Collected data entries:
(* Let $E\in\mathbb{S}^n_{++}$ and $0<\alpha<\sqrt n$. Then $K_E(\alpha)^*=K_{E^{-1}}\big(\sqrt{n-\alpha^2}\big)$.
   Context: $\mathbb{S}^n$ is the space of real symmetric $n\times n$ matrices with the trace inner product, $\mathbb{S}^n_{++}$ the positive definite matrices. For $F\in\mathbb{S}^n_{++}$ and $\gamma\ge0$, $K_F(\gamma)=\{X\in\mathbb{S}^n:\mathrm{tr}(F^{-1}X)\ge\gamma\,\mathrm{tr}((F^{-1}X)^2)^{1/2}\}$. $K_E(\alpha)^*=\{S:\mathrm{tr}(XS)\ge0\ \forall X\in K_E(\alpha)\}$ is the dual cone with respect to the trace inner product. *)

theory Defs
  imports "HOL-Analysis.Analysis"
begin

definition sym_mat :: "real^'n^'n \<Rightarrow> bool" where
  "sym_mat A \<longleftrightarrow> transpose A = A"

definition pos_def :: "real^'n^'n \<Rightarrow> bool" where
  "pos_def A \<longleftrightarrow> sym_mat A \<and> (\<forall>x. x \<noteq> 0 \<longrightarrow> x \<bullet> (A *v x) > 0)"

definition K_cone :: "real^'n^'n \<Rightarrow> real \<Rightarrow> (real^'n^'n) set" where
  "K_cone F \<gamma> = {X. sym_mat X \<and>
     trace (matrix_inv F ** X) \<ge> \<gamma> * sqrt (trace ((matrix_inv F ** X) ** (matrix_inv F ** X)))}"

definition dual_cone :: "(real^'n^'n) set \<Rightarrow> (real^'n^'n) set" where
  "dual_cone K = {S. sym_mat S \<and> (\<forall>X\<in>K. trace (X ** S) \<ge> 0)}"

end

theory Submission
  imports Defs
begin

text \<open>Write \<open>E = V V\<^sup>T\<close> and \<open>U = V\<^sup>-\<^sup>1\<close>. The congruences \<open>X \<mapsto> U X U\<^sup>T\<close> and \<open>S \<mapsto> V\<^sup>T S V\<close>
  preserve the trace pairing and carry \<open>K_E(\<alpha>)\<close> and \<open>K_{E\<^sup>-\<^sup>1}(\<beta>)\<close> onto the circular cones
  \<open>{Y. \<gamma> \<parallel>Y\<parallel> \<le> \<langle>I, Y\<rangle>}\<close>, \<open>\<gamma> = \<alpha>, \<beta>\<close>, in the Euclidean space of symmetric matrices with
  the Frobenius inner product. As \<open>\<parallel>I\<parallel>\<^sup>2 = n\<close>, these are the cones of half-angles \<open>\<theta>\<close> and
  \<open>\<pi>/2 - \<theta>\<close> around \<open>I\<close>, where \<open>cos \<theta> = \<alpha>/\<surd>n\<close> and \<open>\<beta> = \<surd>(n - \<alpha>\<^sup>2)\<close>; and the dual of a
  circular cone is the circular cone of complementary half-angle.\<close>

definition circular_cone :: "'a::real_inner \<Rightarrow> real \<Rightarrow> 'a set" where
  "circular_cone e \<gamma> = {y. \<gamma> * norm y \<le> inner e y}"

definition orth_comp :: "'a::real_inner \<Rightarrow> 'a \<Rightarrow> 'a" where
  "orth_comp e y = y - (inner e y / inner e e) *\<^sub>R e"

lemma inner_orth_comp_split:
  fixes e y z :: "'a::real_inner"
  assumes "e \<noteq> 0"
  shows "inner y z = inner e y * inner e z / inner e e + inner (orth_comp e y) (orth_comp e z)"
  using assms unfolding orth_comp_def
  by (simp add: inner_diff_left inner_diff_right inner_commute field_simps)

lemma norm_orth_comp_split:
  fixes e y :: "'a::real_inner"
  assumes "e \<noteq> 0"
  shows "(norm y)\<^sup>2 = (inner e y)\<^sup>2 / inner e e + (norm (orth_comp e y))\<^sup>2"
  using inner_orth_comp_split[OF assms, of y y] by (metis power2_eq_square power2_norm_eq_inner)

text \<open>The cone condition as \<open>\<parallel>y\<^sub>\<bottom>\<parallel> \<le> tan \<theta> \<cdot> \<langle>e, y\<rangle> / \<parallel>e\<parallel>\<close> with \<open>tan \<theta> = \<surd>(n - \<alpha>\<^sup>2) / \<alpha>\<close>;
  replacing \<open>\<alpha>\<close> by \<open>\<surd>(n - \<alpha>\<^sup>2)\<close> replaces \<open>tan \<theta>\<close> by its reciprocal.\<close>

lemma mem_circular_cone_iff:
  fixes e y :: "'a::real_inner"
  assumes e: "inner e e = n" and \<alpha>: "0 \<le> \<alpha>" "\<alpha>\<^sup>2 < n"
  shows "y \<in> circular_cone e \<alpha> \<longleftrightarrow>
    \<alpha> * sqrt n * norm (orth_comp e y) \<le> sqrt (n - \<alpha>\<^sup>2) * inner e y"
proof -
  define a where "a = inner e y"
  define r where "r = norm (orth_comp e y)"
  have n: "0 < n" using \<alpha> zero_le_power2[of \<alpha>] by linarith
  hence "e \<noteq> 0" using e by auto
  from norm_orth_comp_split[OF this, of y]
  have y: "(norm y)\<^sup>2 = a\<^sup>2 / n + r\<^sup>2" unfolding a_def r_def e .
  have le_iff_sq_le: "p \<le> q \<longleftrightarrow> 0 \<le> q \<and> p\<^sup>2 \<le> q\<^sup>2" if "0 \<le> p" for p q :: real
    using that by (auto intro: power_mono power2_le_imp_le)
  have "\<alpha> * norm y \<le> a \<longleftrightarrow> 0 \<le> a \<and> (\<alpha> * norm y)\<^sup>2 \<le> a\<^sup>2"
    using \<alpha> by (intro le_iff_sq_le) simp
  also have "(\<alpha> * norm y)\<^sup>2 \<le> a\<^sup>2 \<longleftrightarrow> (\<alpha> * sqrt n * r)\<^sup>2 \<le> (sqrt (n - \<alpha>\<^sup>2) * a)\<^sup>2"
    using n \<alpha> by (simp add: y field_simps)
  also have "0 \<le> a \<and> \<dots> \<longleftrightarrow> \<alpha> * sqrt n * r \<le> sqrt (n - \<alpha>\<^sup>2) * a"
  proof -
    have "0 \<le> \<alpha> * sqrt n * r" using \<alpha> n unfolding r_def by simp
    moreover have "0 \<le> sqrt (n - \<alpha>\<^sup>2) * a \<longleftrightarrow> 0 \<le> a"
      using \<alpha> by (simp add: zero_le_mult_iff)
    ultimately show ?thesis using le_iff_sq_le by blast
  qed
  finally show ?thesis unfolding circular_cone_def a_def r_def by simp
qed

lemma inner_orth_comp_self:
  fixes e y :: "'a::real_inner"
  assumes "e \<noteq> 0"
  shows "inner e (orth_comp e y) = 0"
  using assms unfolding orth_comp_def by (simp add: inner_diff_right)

▶ **TASK**
Look above for the line with "define r where" and the line with "unfolding r_def by simp", and reproduce exactly those two lines plus every line between, nothing more.

▶ **TASK SOLUTION**
  define r where "r = norm (orth_comp e y)"
  have n: "0 < n" using \<alpha> zero_le_power2[of \<alpha>] by linarith
  hence "e \<noteq> 0" using e by auto
  from norm_orth_comp_split[OF this, of y]
  have y: "(norm y)\<^sup>2 = a\<^sup>2 / n + r\<^sup>2" unfolding a_def r_def e .
  have le_iff_sq_le: "p \<le> q \<longleftrightarrow> 0 \<le> q \<and> p\<^sup>2 \<le> q\<^sup>2" if "0 \<le> p" for p q :: real
    using that by (auto intro: power_mono power2_le_imp_le)
  have "\<alpha> * norm y \<le> a \<longleftrightarrow> 0 \<le> a \<and> (\<alpha> * norm y)\<^sup>2 \<le> a\<^sup>2"
    using \<alpha> by (intro le_iff_sq_le) simp
  also have "(\<alpha> * norm y)\<^sup>2 \<le> a\<^sup>2 \<longleftrightarrow> (\<alpha> * sqrt n * r)\<^sup>2 \<le> (sqrt (n - \<alpha>\<^sup>2) * a)\<^sup>2"
    using n \<alpha> by (simp add: y field_simps)
  also have "0 \<le> a \<and> \<dots> \<longleftrightarrow> \<alpha> * sqrt n * r \<le> sqrt (n - \<alpha>\<^sup>2) * a"
  proof -
    have "0 \<le> \<alpha> * sqrt n * r" using \<alpha> n unfolding r_def by simp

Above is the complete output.